▶ Work instructions:
Begin at the top of the listing below. Write each line out exactly, ending with the line that holds "(u has zero".

▶ Given entries:
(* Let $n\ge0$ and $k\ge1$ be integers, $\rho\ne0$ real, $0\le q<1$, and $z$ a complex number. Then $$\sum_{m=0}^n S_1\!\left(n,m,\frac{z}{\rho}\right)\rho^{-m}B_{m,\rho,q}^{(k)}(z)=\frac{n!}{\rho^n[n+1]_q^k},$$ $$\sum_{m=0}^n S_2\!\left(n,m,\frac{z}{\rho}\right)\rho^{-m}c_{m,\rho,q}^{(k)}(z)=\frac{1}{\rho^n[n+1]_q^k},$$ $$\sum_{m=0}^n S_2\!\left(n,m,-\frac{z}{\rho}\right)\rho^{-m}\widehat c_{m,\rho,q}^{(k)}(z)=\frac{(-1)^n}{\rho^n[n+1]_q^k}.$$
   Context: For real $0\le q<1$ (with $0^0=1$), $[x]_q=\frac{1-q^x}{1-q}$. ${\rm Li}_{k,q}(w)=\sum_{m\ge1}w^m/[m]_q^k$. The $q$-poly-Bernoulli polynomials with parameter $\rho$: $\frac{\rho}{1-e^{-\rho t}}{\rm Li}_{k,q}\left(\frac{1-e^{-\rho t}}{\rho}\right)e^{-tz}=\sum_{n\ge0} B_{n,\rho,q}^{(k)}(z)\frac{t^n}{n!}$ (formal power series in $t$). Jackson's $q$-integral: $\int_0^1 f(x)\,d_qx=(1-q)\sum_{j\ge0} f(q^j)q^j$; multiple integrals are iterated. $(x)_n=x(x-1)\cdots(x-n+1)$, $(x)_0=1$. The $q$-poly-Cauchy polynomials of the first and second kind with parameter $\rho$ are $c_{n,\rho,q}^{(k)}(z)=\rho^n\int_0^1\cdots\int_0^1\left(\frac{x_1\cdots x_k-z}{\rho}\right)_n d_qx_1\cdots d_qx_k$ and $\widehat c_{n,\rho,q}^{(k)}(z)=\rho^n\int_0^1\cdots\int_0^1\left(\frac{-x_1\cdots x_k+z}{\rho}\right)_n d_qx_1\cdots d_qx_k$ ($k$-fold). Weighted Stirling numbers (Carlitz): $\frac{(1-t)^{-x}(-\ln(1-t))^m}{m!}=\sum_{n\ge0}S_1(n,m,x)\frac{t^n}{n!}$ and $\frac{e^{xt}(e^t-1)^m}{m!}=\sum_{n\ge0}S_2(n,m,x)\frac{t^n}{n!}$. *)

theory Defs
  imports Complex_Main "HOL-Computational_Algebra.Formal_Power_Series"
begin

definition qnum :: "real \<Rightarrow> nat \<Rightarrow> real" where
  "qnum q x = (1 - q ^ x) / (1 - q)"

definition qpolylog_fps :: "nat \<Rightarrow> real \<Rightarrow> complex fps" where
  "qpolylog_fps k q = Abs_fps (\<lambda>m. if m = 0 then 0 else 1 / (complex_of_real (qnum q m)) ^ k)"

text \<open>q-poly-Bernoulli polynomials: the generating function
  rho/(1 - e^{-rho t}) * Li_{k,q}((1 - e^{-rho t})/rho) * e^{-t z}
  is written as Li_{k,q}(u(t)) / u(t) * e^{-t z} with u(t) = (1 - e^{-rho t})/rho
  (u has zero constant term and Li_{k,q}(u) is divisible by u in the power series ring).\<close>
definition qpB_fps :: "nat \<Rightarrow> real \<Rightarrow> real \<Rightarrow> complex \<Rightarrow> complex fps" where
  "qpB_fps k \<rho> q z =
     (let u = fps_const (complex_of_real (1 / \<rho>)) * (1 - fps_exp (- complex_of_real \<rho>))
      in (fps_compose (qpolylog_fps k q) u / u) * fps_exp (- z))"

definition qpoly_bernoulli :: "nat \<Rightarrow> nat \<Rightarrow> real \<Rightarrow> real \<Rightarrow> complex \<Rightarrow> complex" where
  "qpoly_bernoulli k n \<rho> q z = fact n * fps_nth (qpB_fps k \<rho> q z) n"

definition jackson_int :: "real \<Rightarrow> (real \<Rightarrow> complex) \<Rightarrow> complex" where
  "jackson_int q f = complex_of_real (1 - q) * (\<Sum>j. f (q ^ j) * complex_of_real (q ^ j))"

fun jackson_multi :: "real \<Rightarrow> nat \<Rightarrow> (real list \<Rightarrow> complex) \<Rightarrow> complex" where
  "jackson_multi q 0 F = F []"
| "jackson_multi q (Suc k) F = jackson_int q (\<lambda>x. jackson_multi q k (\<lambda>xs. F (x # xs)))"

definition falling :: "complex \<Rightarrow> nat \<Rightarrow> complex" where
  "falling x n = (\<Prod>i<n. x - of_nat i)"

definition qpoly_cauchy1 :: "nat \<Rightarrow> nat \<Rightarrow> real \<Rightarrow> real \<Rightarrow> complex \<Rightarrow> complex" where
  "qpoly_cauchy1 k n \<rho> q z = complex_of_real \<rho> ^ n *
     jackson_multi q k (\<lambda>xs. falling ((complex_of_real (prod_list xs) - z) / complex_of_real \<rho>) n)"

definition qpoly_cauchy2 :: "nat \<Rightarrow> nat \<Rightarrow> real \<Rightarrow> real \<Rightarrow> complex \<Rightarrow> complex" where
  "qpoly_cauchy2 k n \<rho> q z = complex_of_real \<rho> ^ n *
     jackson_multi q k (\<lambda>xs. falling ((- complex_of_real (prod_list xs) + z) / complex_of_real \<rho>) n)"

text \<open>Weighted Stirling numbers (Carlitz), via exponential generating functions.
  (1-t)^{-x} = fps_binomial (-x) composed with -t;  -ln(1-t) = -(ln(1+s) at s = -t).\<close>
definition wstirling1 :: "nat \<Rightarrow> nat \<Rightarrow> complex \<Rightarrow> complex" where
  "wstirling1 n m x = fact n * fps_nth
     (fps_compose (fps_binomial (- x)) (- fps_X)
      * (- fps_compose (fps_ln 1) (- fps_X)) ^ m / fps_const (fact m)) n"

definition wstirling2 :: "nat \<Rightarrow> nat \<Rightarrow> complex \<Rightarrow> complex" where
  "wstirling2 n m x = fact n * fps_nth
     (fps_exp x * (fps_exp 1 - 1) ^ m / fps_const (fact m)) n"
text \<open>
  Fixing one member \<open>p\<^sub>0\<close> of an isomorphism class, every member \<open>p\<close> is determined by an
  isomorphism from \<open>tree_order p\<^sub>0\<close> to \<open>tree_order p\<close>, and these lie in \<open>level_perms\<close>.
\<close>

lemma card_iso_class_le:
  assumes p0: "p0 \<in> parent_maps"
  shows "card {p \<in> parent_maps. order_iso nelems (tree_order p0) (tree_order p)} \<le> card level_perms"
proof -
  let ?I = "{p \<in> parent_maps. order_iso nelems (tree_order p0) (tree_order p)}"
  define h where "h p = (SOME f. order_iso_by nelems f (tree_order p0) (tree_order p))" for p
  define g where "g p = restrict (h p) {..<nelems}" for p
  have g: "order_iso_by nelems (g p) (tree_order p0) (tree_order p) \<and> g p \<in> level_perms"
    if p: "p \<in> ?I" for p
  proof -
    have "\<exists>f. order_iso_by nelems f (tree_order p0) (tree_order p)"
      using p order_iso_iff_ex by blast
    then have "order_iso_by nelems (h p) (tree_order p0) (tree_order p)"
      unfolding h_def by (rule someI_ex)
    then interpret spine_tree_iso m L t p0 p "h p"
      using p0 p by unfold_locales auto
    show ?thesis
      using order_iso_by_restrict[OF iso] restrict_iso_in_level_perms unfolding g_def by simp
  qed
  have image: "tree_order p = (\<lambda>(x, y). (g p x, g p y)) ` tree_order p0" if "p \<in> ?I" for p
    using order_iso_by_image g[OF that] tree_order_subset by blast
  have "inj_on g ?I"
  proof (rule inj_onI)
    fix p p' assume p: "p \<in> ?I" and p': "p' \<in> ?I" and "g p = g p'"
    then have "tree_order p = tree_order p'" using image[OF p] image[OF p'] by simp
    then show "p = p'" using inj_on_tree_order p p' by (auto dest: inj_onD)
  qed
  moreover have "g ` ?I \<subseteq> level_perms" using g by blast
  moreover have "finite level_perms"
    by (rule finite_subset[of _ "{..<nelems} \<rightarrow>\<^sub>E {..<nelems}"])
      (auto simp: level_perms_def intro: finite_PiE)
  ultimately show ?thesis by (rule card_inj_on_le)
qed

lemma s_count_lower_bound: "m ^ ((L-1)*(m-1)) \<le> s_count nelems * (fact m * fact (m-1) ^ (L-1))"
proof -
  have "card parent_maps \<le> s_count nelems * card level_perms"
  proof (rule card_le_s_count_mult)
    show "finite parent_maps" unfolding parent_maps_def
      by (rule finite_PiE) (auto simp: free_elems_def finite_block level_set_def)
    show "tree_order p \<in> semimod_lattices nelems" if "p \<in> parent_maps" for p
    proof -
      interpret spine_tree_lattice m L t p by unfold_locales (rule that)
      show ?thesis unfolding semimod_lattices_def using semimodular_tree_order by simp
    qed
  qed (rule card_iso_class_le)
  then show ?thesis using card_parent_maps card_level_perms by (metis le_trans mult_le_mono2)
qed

▶ Task response:
(* Let $n\ge0$ and $k\ge1$ be integers, $\rho\ne0$ real, $0\le q<1$, and $z$ a complex number. Then $$\sum_{m=0}^n S_1\!\left(n,m,\frac{z}{\rho}\right)\rho^{-m}B_{m,\rho,q}^{(k)}(z)=\frac{n!}{\rho^n[n+1]_q^k},$$ $$\sum_{m=0}^n S_2\!\left(n,m,\frac{z}{\rho}\right)\rho^{-m}c_{m,\rho,q}^{(k)}(z)=\frac{1}{\rho^n[n+1]_q^k},$$ $$\sum_{m=0}^n S_2\!\left(n,m,-\frac{z}{\rho}\right)\rho^{-m}\widehat c_{m,\rho,q}^{(k)}(z)=\frac{(-1)^n}{\rho^n[n+1]_q^k}.$$
   Context: For real $0\le q<1$ (with $0^0=1$), $[x]_q=\frac{1-q^x}{1-q}$. ${\rm Li}_{k,q}(w)=\sum_{m\ge1}w^m/[m]_q^k$. The $q$-poly-Bernoulli polynomials with parameter $\rho$: $\frac{\rho}{1-e^{-\rho t}}{\rm Li}_{k,q}\left(\frac{1-e^{-\rho t}}{\rho}\right)e^{-tz}=\sum_{n\ge0} B_{n,\rho,q}^{(k)}(z)\frac{t^n}{n!}$ (formal power series in $t$). Jackson's $q$-integral: $\int_0^1 f(x)\,d_qx=(1-q)\sum_{j\ge0} f(q^j)q^j$; multiple integrals are iterated. $(x)_n=x(x-1)\cdots(x-n+1)$, $(x)_0=1$. The $q$-poly-Cauchy polynomials of the first and second kind with parameter $\rho$ are $c_{n,\rho,q}^{(k)}(z)=\rho^n\int_0^1\cdots\int_0^1\left(\frac{x_1\cdots x_k-z}{\rho}\right)_n d_qx_1\cdots d_qx_k$ and $\widehat c_{n,\rho,q}^{(k)}(z)=\rho^n\int_0^1\cdots\int_0^1\left(\frac{-x_1\cdots x_k+z}{\rho}\right)_n d_qx_1\cdots d_qx_k$ ($k$-fold). Weighted Stirling numbers (Carlitz): $\frac{(1-t)^{-x}(-\ln(1-t))^m}{m!}=\sum_{n\ge0}S_1(n,m,x)\frac{t^n}{n!}$ and $\frac{e^{xt}(e^t-1)^m}{m!}=\sum_{n\ge0}S_2(n,m,x)\frac{t^n}{n!}$. *)

theory Defs
  imports Complex_Main "HOL-Computational_Algebra.Formal_Power_Series"
begin

definition qnum :: "real \<Rightarrow> nat \<Rightarrow> real" where
  "qnum q x = (1 - q ^ x) / (1 - q)"

definition qpolylog_fps :: "nat \<Rightarrow> real \<Rightarrow> complex fps" where
  "qpolylog_fps k q = Abs_fps (\<lambda>m. if m = 0 then 0 else 1 / (complex_of_real (qnum q m)) ^ k)"

text \<open>q-poly-Bernoulli polynomials: the generating function
  rho/(1 - e^{-rho t}) * Li_{k,q}((1 - e^{-rho t})/rho) * e^{-t z}
  is written as Li_{k,q}(u(t)) / u(t) * e^{-t z} with u(t) = (1 - e^{-rho t})/rho
  (u has zero constant term and Li_{k,q}(u) is divisible by u in the power series ring).\<close>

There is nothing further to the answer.